Russia on Saturday marks 50 years since Gherman Titov became the second man in orbit, a historic achievement long eclipsed by the first space flight of his friend and rival Yuri Gagarin months earlier.

His exploit was just as astonishing as Gagarin's journey to immortality and proved man could spend many hours in orbit. Yet Titov took to his grave the disappointment of being passed over in the race to be the first man in space.

Aged just 25, Titov orbited the earth 17 times after blasting off on August 6, 1961 in a flight that lasted more than 25 hours. Gagarin had made just a single orbit in his 108-minute April 12 flight.

Titov was the first man to spend a day in space and take pictures in orbit and also the first victim of space sickness. To this day, he remains the youngest human ever to have been to space.

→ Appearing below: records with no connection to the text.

lemma monomial_eq_sum_modular_basis:
  fixes x y :: "'a::comm_ring_1"
  assumes "(b, c) \<in> modular_monos m"
  shows "x ^ b * y ^ c = (\<Sum>i\<le>m div 6. of_nat (c div 2 choose i) * modular_basis m x y i)"
proof -
  define h where "h = c div 2"
  define e where "e = m mod 2"
  have c: "c = e + 2 * h"
    unfolding e_def h_def using assms by (simp add: modular_monos_def) presburger
  have b: "b + 3 * h = (m - 3 * e) div 2"
    using assms c by (simp add: modular_monos_def)
  have "x ^ b * y ^ c = x ^ b * y ^ e * ((y\<^sup>2 - x ^ 3) + x ^ 3) ^ h"
    by (simp add: c power_add power_mult)
  also have "\<dots> = x ^ b * y ^ e * (\<Sum>i\<le>h. of_nat (h choose i) * (y\<^sup>2 - x ^ 3) ^ i * (x ^ 3) ^ (h - i))"
    by (simp only: binomial_ring)
  also have "\<dots> = (\<Sum>i\<le>h. of_nat (h choose i) * (x ^ b * (x ^ 3) ^ (h - i) * y ^ e * (y\<^sup>2 - x ^ 3) ^ i))"
    by (simp add: sum_distrib_left mult_ac)
  also have "\<dots> = (\<Sum>i\<le>h. of_nat (h choose i) * modular_basis m x y i)"
  proof (rule sum.cong)
    fix i assume "i \<in> {..h}"
    then have "b + 3 * (h - i) = (m - 3 * e) div 2 - 3 * i"
      using b by auto
    then show "of_nat (h choose i) * (x ^ b * (x ^ 3) ^ (h - i) * y ^ e * (y\<^sup>2 - x ^ 3) ^ i)
        = of_nat (h choose i) * modular_basis m x y i"
      by (simp add: modular_basis_def e_def flip: power_mult power_add)
  qed simp
  also have "\<dots> = (\<Sum>i\<le>m div 6. of_nat (h choose i) * modular_basis m x y i)"
  proof (rule sum.mono_neutral_left)
    show "{..h} \<subseteq> {..m div 6}"
      using assms c by (auto simp: modular_monos_def)
  qed (auto simp: binomial_eq_0)
  finally show ?thesis
    by (simp add: h_def)
qed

At the height of the Cold War, Titov's feat stunned the United States. Alan Shepard, on May 5, 1961, had become the first American and second man in space but his flight lasted only 15 minutes and was suborbital.

But celebrations of the records set by Titov -- who died of a cardiac arrest in his sauna in 2000 -- are set to be considerably more muted than the extravaganza of events laid on for the Gagarin anniversary earlier this year.

The main event will be the opening of a memorial museum in Titov's native village of Polkovnikovo in the Altai region of southern Siberia in a ceremony due to be attended by ex-cosmonauts and his widow Tamara.

Moscow photo gallery Fotosoyuz has also opened an exhibition of the history of space photography in honour of Titov's achievement in taking the first images of the earth from space.

But tragically, Titov was painfully aware throughout his life that Gagarin's narrow selection over him to fly on April 12 essentially meant he would be forgotten by history.

Chosen after years of demanding tests from a long list of hundreds of ambitious Soviet fighter pilots, Gagarin and Titov emerged as the two strongest candidates to become the first man in space.

The Soviet authorities only made the decision in favour of Gagarin on the eve of the flight. In the archive footage, Titov makes no attempt to disguise his disappointment, hanging his head as the official decision is announced.

"Journalists said I was so glad for Gagarin," Titov said in rare comments in 1985. "Of course, there was nothing of the sort."

Russian space experts have always acknowledged that Titov was physically as ready as Gagarin for the flight. But the Soviet authorities were said to have been concerned by Titov's introvert character, less proletarian upbringing and un-Russian sounding name.

Titov's father named his son Gherman not because of any link to Germany but after a character in Pushkin's masterpiece "The Queen of Spades". For many, this cost Titov his place in history.

"I am often asked how Gherman coped" with not being the first man in space, his widow Tamara Titova told Russian Channel One television in a 2010 documentary. "Of course he suffered that it was not him. He was ready to carry out that mission."

"It was the eternal question for Gherman. 'Why were you not the first?'" she recalled. "His reply was 'There was just one seat in the spaceship, so we could not go together.'"

Titov's flight aboard Vostok-2 was a resounding success, although he had to cope with the nausea of space sickness, a problem still encountered by modern day astronauts. He famously told mission control he felt "ghastly".

Yet he also managed to take a nap, even oversleeping and prompting fears at mission control that he had died.

He was rocked by Gagarin's death in a plane crash in 1968, not just because he lost a friend but because the Soviet leadership then banned Titov from his greatest passion -- flying. Having lost Gagarin, they would not risk losing another hero.

Titov did not take well to the collapse of the Soviet Union. He was in particular saddened by the state of the space industry in the new Russia and became a member of the Russian parliament for the Communist Party.

He dreamed of one more record -- going into orbit again to beat John Glenn as the oldest man in space. But he died before coming close to realising this final ambition.